*PROVIDED DATA*
lemma down_closed_eq_ferrers:
  assumes bounded: "D \<subseteq> {1..m} \<times> {1..n}"
    and down: "\<And>i j i' j'. (i, j) \<in> D \<Longrightarrow> 1 \<le> i' \<Longrightarrow> i' \<le> i \<Longrightarrow> 1 \<le> j' \<Longrightarrow> j' \<le> j
                 \<Longrightarrow> (i', j') \<in> D"
  defines "U \<equiv> \<lambda>i. card {j. (i, j) \<in> D}"
  shows "nonincr_vec m U" and "D = ferrers m U"
proof -
  have finite_row: "finite {j. (i, j) \<in> D}" for i
    by (rule finite_subset[of _ "{1..n}"]) (use bounded in auto)
  have row: "{j. (i, j) \<in> D} = {1..U i}" for i
    unfolding U_def
  proof (rule down_closed_eq_atLeastAtMost_card[OF finite_row])
    show "0 \<notin> {j. (i, j) \<in> D}" using bounded by auto
  next
    fix x y assume "x \<in> {j. (i, j) \<in> D}" "1 \<le> y" "y \<le> x"
    then have "(i, x) \<in> D" and "1 \<le> i" using bounded by auto
    then show "y \<in> {j. (i, j) \<in> D}"
      using down \<open>1 \<le> y\<close> \<open>y \<le> x\<close> by blast
  qed
  have "(i, j) \<in> D \<longleftrightarrow> 1 \<le> i \<and> i \<le> m \<and> j \<in> {j. (i, j) \<in> D}" for i j
    using bounded by auto
  then show "D = ferrers m U"
    unfolding row by (auto simp: ferrers_def)
  show "nonincr_vec m U"
    unfolding nonincr_vec_def
  proof clarify
    fix i assume "1 \<le> i" "i < m"
    have "{j. (i + 1, j) \<in> D} \<subseteq> {j. (i, j) \<in> D}"
      using down[of "i + 1" _ i] bounded \<open>1 \<le> i\<close> by auto
    then show "U (i + 1) \<le> U i"
      unfolding U_def using finite_row by (rule card_mono[rotated])
  qed
qed

lemma mem_lr_corners:
  "(i, j) \<in> lr_corners m U \<longleftrightarrow>
     1 \<le> i \<and> i \<le> m \<and> j = U i \<and> (if i = m then 0 else U (i + 1)) < U i"
  by (auto simp: lr_corners_def)

lemma ferrers_essential_eq_lr_corners:
  "{(i, j). (i, j) \<in> ferrers m U \<and> (i + 1, j) \<notin> ferrers m U \<and> (i, j + 1) \<notin> ferrers m U}
     = lr_corners m U"
proof -
  have "(i, j) \<in> ferrers m U \<and> (i + 1, j) \<notin> ferrers m U \<and> (i, j + 1) \<notin> ferrers m U
          \<longleftrightarrow> (i, j) \<in> lr_corners m U" for i j
    by (cases "i = m") (auto simp: ferrers_def mem_lr_corners)
  then show ?thesis by auto
qed

lemma nonincr_vec_antimono:
  assumes "nonincr_vec m U" and "1 \<le> i" and "i \<le> a" and "a \<le> m"
  shows "U a \<le> U i"
  using \<open>i \<le> a\<close> \<open>a \<le> m\<close>
proof (induction a rule: dec_induct)
  case (step k)
  then have "U (k + 1) \<le> U k"
    using assms(1,2) by (simp add: nonincr_vec_def)
  then show ?case
    using step by simp
qed simp

lemma ferrers_eq_down_closure_lr_corners:
  assumes "nonincr_vec m U"
  shows "ferrers m U = {(i, j). 1 \<le> i \<and> 1 \<le> j \<and> (\<exists>(a, b) \<in> lr_corners m U. i \<le> a \<and> j \<le> b)}"
proof (intro set_eqI iffI; clarify)
  fix i j assume "(i, j) \<in> ferrers m U"
  then have ij: "1 \<le> i" "i \<le> m" "1 \<le> j" "j \<le> U i"
    by (auto simp: ferrers_def)
  \<comment> \<open>the last row at or below row i that still reaches column j ends in a corner\<close>
  define a where "a = Max {a. i \<le> a \<and> a \<le> m \<and> j \<le> U a}"
  have "a \<in> {a. i \<le> a \<and> a \<le> m \<and> j \<le> U a}"
    unfolding a_def using ij by (intro Max_in) auto
  moreover have "a + 1 \<notin> {a. i \<le> a \<and> a \<le> m \<and> j \<le> U a}"
    using Max_ge[of "{a. i \<le> a \<and> a \<le> m \<and> j \<le> U a}" "a + 1"] unfolding a_def by fastforce
  ultimately have "(a, U a) \<in> lr_corners m U" and "i \<le> a" "j \<le> U a"
    using ij by (auto simp: mem_lr_corners)
  then show "1 \<le> i \<and> 1 \<le> j \<and> (\<exists>(a, b) \<in> lr_corners m U. i \<le> a \<and> j \<le> b)"
    using ij by blast
next
  fix i j a b assume "1 \<le> i" "1 \<le> j" "(a, b) \<in> lr_corners m U" "i \<le> a" "j \<le> b"
  then show "(i, j) \<in> ferrers m U"
    using nonincr_vec_antimono[OF assms \<open>1 \<le> i\<close> \<open>i \<le> a\<close>]
    by (auto simp: ferrers_def mem_lr_corners)
qed

lemma ferrers_eq_if_lr_corners_eq:
  assumes "nonincr_vec m U" and "nonincr_vec m V" and "lr_corners m U = lr_corners m V"
  shows "ferrers m U = ferrers m V"
  using assms by (simp add: ferrers_eq_down_closure_lr_corners)

lemma polyomino_diagram_eq_ferrers:
  assumes "polyomino m n A"
  obtains U where "nonincr_vec m U" and "diagram m n A = ferrers m U"
    and "essential_set m n A = lr_corners m U"
proof -
  let ?U = "\<lambda>i. card {j. (i, j) \<in> diagram m n A}"
  have "diagram m n A \<subseteq> {1..m} \<times> {1..n}"
    by (auto simp: diagram_def)
  note ferrers = down_closed_eq_ferrers[OF this]
  obtain U where "nonincr_vec m U" and D: "diagram m n A = ferrers m U"
  proof
    show "nonincr_vec m ?U"
      by (rule ferrers(1)) (rule polyomino_diagram_down_closed[OF assms])
    show "diagram m n A = ferrers m ?U"
      by (rule ferrers(2)) (rule polyomino_diagram_down_closed[OF assms])
  qed
  moreover have "essential_set m n A = lr_corners m U"
    unfolding essential_set_def D by (fact ferrers_essential_eq_lr_corners)
  ultimately show ?thesis ..
qed

lemma polyomino_ranked_essential_set:
  assumes "polyomino m n A"
  shows "ranked_essential_set m n A = {(i, j, 0) | i j. (i, j) \<in> essential_set m n A}"
proof -
  have "rank_at A i j = 0" if "(i, j) \<in> essential_set m n A" for i j
    using polyomino_rank_at_diagram[OF assms] that by (simp add: essential_set_def)
  then show ?thesis
    unfolding ranked_essential_set_def by (intro Collect_cong) auto
qed

lemma essential_set_eq_image_ranked_essential_set:
  "essential_set m n A = (\<lambda>(i, j, r). (i, j)) ` ranked_essential_set m n A"
  unfolding ranked_essential_set_def by force

lemma polyomino_diagram_eq_if_essential_set_eq:
  assumes "polyomino m n A" and "polyomino m n B"
    and "essential_set m n A = essential_set m n B"
  shows "diagram m n A = diagram m n B"
proof -
  obtain U where "nonincr_vec m U" "diagram m n A = ferrers m U" "essential_set m n A = lr_corners m U"
    using polyomino_diagram_eq_ferrers[OF assms(1)] .
  moreover obtain V where "nonincr_vec m V" "diagram m n B = ferrers m V" "essential_set m n B = lr_corners m V"
    using polyomino_diagram_eq_ferrers[OF assms(2)] .
  ultimately show ?thesis
    using ferrers_eq_if_lr_corners_eq assms(3) by metis
qed

lemma convex_set_eq_atLeastLessThan:
  fixes S :: "nat set"
  assumes "finite S" and "S \<noteq> {}"
    and convex: "\<And>x y z. x \<in> S \<Longrightarrow> z \<in> S \<Longrightarrow> x \<le> y \<Longrightarrow> y \<le> z \<Longrightarrow> y \<in> S"
  shows "S = {Min S..<Min S + card S}"
proof -
  have "Min S \<in> S" "Max S \<in> S" "Min S \<le> Max S"
    using assms(1,2) by simp_all
  have S: "S = {Min S..Max S}"
  proof
    show "S \<subseteq> {Min S..Max S}"
      using assms(1) by auto
    show "{Min S..Max S} \<subseteq> S"
      using convex[OF \<open>Min S \<in> S\<close> \<open>Max S \<in> S\<close>] by auto
  qed
  then have "Min S + card S = Suc (Max S)"
    using \<open>Min S \<le> Max S\<close> by (metis card_atLeastAtMost Suc_diff_le le_add_diff_inverse le_SucI)
  then show ?thesis
    using S by (simp add: atLeastLessThanSuc_atLeastAtMost)
qed

lemma convex_mat_row:
  assumes "convex_mat m n A" and "is_01mat m n A"
    and "A i x" and "A i z" and "x \<le> y" and "y \<le> z"
  shows "A i y"
proof -
  have "i \<in> {1..m}" "1 \<le> x" "z \<le> n"
    using assms(2-4) by (auto simp: is_01mat_def)
  then show ?thesis
    using assms(1,3-) unfolding convex_mat_def by blast
qed

lemma convex_mat_col:
  assumes "convex_mat m n A" and "is_01mat m n A"
    and "A x j" and "A z j" and "x \<le> y" and "y \<le> z"
  shows "A y j"
proof -
  have "j \<in> {1..n}" "1 \<le> x" "z \<le> m"
    using assms(2-4) by (auto simp: is_01mat_def)
  then show ?thesis
    using assms(1,3-) unfolding convex_mat_def by blast
qed

lemma convex_class_one_weakly_left:
  assumes A: "A \<in> convex_class m n R S" and B: "B \<in> convex_class m n R S"
    and diag: "diagram m n A = diagram m n B" and above: "\<forall>k<i. A k = B k"
    and "A i j"
  shows "\<exists>j'\<ge>1. j' \<le> j \<and> B i j'"
proof (rule ccontr)
  assume none: "\<not> (\<exists>j'\<ge>1. j' \<le> j \<and> B i j')"
  have ij: "1 \<le> i" "i \<le> m" "1 \<le> j" "j \<le> n"
    using A \<open>A i j\<close> by (auto simp: convex_class_def is_01mat_def)
  then have "\<not> B i j"
    using none by auto
  show False
  proof (cases "\<exists>k\<ge>1. k < i \<and> A k j")
    case False
    then have "(i, j) \<in> diagram m n B"
      using none \<open>\<not> B i j\<close> above ij by (auto simp: diagram_def le_less)
    then have "(i, j) \<in> diagram m n A"
      using diag by simp
    then show False
      using \<open>A i j\<close> ij by (auto simp: diagram_def)
  next
    case True
    \<comment> \<open>then column j of B lies strictly above row i, inside column j of A but missing (i, j)\<close>
    then obtain k where "k < i" "B k j"
      using above by auto
    have "is_01mat m n B" "convex_mat m n B"
      using B by (simp_all add: convex_class_def)
    have "{k \<in> {1..m}. B k j} \<subseteq> {k. k < i}"
    proof clarify
      fix k' assume "B k' j"
      show "k' < i"
      proof (rule ccontr)
        assume "\<not> k' < i"
        then have "B i j"
          using convex_mat_col[OF \<open>convex_mat m n B\<close> \<open>is_01mat m n B\<close> \<open>B k j\<close> \<open>B k' j\<close>] \<open>k < i\<close>
          by simp
        then show False
          using \<open>\<not> B i j\<close> by simp
      qed
    qed
    then have "{k \<in> {1..m}. B k j} \<subset> {k \<in> {1..m}. A k j}"
      using above \<open>A i j\<close> \<open>\<not> B i j\<close> ij by auto
    then have "card {k \<in> {1..m}. B k j} < card {k \<in> {1..m}. A k j}"
      by (rule psubset_card_mono[rotated]) simp
    moreover have "card {k \<in> {1..m}. B k j} = card {k \<in> {1..m}. A k j}"
      using A B ij by (simp add: convex_class_def)
    ultimately show False
      by simp
  qed
qed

*ACTIVITY*
The required output is every line above from the one with "D \<longleftrightarrow> 1" down to the one with "in a corner\<close>", restated word for word, ends included.

*WRITTEN SOLUTION*
  have "(i, j) \<in> D \<longleftrightarrow> 1 \<le> i \<and> i \<le> m \<and> j \<in> {j. (i, j) \<in> D}" for i j
    using bounded by auto
  then show "D = ferrers m U"
    unfolding row by (auto simp: ferrers_def)
  show "nonincr_vec m U"
    unfolding nonincr_vec_def
  proof clarify
    fix i assume "1 \<le> i" "i < m"
    have "{j. (i + 1, j) \<in> D} \<subseteq> {j. (i, j) \<in> D}"
      using down[of "i + 1" _ i] bounded \<open>1 \<le> i\<close> by auto
    then show "U (i + 1) \<le> U i"
      unfolding U_def using finite_row by (rule card_mono[rotated])
  qed
qed

lemma mem_lr_corners:
  "(i, j) \<in> lr_corners m U \<longleftrightarrow>
     1 \<le> i \<and> i \<le> m \<and> j = U i \<and> (if i = m then 0 else U (i + 1)) < U i"
  by (auto simp: lr_corners_def)

lemma ferrers_essential_eq_lr_corners:
  "{(i, j). (i, j) \<in> ferrers m U \<and> (i + 1, j) \<notin> ferrers m U \<and> (i, j + 1) \<notin> ferrers m U}
     = lr_corners m U"
proof -
  have "(i, j) \<in> ferrers m U \<and> (i + 1, j) \<notin> ferrers m U \<and> (i, j + 1) \<notin> ferrers m U
          \<longleftrightarrow> (i, j) \<in> lr_corners m U" for i j
    by (cases "i = m") (auto simp: ferrers_def mem_lr_corners)
  then show ?thesis by auto
qed

lemma nonincr_vec_antimono:
  assumes "nonincr_vec m U" and "1 \<le> i" and "i \<le> a" and "a \<le> m"
  shows "U a \<le> U i"
  using \<open>i \<le> a\<close> \<open>a \<le> m\<close>
proof (induction a rule: dec_induct)
  case (step k)
  then have "U (k + 1) \<le> U k"
    using assms(1,2) by (simp add: nonincr_vec_def)
  then show ?case
    using step by simp
qed simp

lemma ferrers_eq_down_closure_lr_corners:
  assumes "nonincr_vec m U"
  shows "ferrers m U = {(i, j). 1 \<le> i \<and> 1 \<le> j \<and> (\<exists>(a, b) \<in> lr_corners m U. i \<le> a \<and> j \<le> b)}"
proof (intro set_eqI iffI; clarify)
  fix i j assume "(i, j) \<in> ferrers m U"
  then have ij: "1 \<le> i" "i \<le> m" "1 \<le> j" "j \<le> U i"
    by (auto simp: ferrers_def)
  \<comment> \<open>the last row at or below row i that still reaches column j ends in a corner\<close>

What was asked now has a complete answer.